Tue 5 December, 2017

While journeys to work only represents around a quarter of all trips in Melbourne, they represent around 39% of trips in the AM peak (source: VISTA 2012-13). Thanks to the census there is incredibly detailed data available about the journey to work, and who doesn’t like exploring transport data in detail?

Between 2006 and 2016, Melbourne has seen mode shifts away from private transport and walking, and towards public transport and cycling. The following measures are by place of enumeration (and 2011 Significant urban area boundaries):

2006 2011 2016
Public transport (any) +14.16% +16.34% +18.15%
+2.18% +1.82%
Private transport (only) +80.43% +78.16% +76.20%
-2.28% -1.96%
Walk only +3.63% +3.46% +3.47%
-0.18% +0.01%
Bicycle only +1.34% +1.56% +1.63%
+0.23% +0.06%

This post unpacks where mode shifts and trip growth is happening, by home locations, work locations, and home-work pairs. It tries to summarise the spatial distribution of journeys to work in Melbourne. It will also look at the relationship between car parking, job density and mode shares.

I’m afraid this isn’t a short post. So get comfortable, there is much fascinating data to explore about commuting in Melbourne.
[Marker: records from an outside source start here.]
(* Let $A\bowtie^{\theta} I$ be an amalgamated Banach algebra as in the context. Then $A\bowtie^{\theta} I$ is Arens regular if and only if all of the following hold: $A$ is Arens regular; $I$ is Arens regular; and for every $F\in\theta^{**}(A^{**})$ and every $G\in I^{**}$ one has $F\Box G=F\Diamond G$ and $G\Box F=G\Diamond F$ (products in $B^{**}$), i.e. $\theta(A)$ and $I$ act regularly on each other.
   Context: Let $A$ and $B$ be Banach algebras, $\theta:A\to B$ a continuous algebra homomorphism with $\|\theta\|\le 1$, and $I$ a closed two-sided ideal of $B$. The amalgamated Banach algebra $A\bowtie^{\theta} I$ is the Banach space $\{(a,i): a\in A,\ i\in I\}$ with norm $\|(a,i)\|=\|a\|+\|i\|$ and product $(a,i)\cdot(a',i')=(aa',\ \theta(a)i'+i\theta(a')+ii')$. Arens products: for a Banach algebra $C$, $a,b\in C$, $f\in C^*$, $F,G\in C^{**}$, define $\langle a\cdot f,b\rangle=\langle f,ba\rangle$, $\langle f\cdot a,b\rangle=\langle f,ab\rangle$, $\langle f\cdot F,a\rangle=\langle F,a\cdot f\rangle$, $\langle F\cdot f,a\rangle=\langle F,f\cdot a\rangle$, $\langle F\Box G,f\rangle=\langle F,G\cdot f\rangle$, $\langle F\Diamond G,f\rangle=\langle G,f\cdot F\rangle$. $C$ is Arens regular if $F\Box G=F\Diamond G$ for all $F,G\in C^{**}$. $I^{**}$ is identified with the weak$^*$-closure of $I$ in $B^{**}$ and $\theta^{**}:A^{**}\to B^{**}$ is the second adjoint of $\theta$. *)

theory Defs
  imports "HOL-Analysis.Analysis"
begin

text \<open>A (real) normed algebra is described concretely by a carrier S (a linear
subspace of an ambient real vector space), a norm N and a multiplication M.
Functionals are extensional: they vanish outside their domain.\<close>

definition lin_on :: "'v::real_vector set \<Rightarrow> ('v \<Rightarrow> real) \<Rightarrow> bool" where
  "lin_on S f \<longleftrightarrow> (\<forall>x\<in>S. \<forall>y\<in>S. f (x + y) = f x + f y) \<and> (\<forall>c. \<forall>x\<in>S. f (c *\<^sub>R x) = c * f x)"

definition dual :: "'v::real_vector set \<Rightarrow> ('v \<Rightarrow> real) \<Rightarrow> ('v \<Rightarrow> real) set" where
  "dual S N = {f. lin_on S f \<and> (\<exists>K. \<forall>x\<in>S. \<bar>f x\<bar> \<le> K * N x) \<and> (\<forall>x. x \<notin> S \<longrightarrow> f x = 0)}"

definition dual_norm :: "'v::real_vector set \<Rightarrow> ('v \<Rightarrow> real) \<Rightarrow> ('v \<Rightarrow> real) \<Rightarrow> real" where
  "dual_norm S N f = Sup ((\<lambda>x. \<bar>f x\<bar>) ` {x\<in>S. N x \<le> 1})"

definition bidual :: "'v::real_vector set \<Rightarrow> ('v \<Rightarrow> real) \<Rightarrow> (('v \<Rightarrow> real) \<Rightarrow> real) set" where
  "bidual S N = {F. (\<forall>f\<in>dual S N. \<forall>g\<in>dual S N. F (\<lambda>x. f x + g x) = F f + F g)
      \<and> (\<forall>c. \<forall>f\<in>dual S N. F (\<lambda>x. c * f x) = c * F f)
      \<and> (\<exists>K. \<forall>f\<in>dual S N. \<bar>F f\<bar> \<le> K * dual_norm S N f)
      \<and> (\<forall>f. f \<notin> dual S N \<longrightarrow> F f = 0)}"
Public transport share by home location

Here’s an animated public transport mode share map 2006 to 2016 – you might want to click to enlarge, or view this map in Tableau (be patient it can take some time to load and refresh). For those with some colour-blindness, you can also get colour-blind friendly colour scales in Tableau.

The higher mode shares pretty clearly follow the train lines and the areas covered by trams, with mode share growing around these lines. Public transport mode shares of over 50% can be found in a sizeable patch of Footscray, and pockets of West Footscray, Glenroy, Ormond – Glen Huntly, Murrumbeena, Flemington, Docklands, Carlton, and South Yarra. Larger urban areas with very low public transport mode share can be found around the outer east and south-east of the city, particularly those remote from the rail network.

Here’s a map showing mode shift at SA2 level:

(explore in Tableau)

The biggest shifts to public transport in the middle and outer suburbs were in Wyndham Vale, Tarneit, South Morang, Lynbrook/Lyndhurst, Point Cook South, Williams Landing, Rockbank, and Glenroy. That’s almost a roll call of all the new train stations opened between 2011 and 2016. The exceptions are Rockbank (a small community at present which received significantly more frequent trains in 2015), Point Cook South (which now has buses operating every 11 minutes in the AM peak to nearby Williams Landing Station), and Glenroy (where more people are commuting to the city centre and increasingly by public transport).

Inner suburban areas with high mode shifts include West Footscray, Yarraville, Seddon – Kingsville, Collingwood, Kensington, and Brighton. The Melbourne CBD itself had a 12% shift to public transport – and actually a 7% mode shift away from walking (which probably reflects the new Free Tram Zone in the CBD area).

The biggest mode shifts away from public transport (of 1 to 2%) were at Ardeer – Albion, St Kilda East, Malvern Glen Iris, Chelsea – Bonbeach, Seaford, Dandenong, Hampton Park – Lynbrook, Lysterfield, and Monbulk – Silvan. At the 2016 census there were no express trains operating on the Frankston railway line due to level crossing removal works, which might have slightly impacted public transport demand in Seaford and Chelsea – Bonbeach. I’m not sure of explanations for the others, but these were not large mode shifts.

Public transport mode share by work location

Here’s a map showing work location public transport mode share (Destination Zones with less than 5 travellers per hectare not shown):

It’s no surprise that public transport mode share is highest in the CBD and surrounding area, and lower in the suburbs. But note the scale – public transport mode share falls away extremely quickly as you move away from the city centre.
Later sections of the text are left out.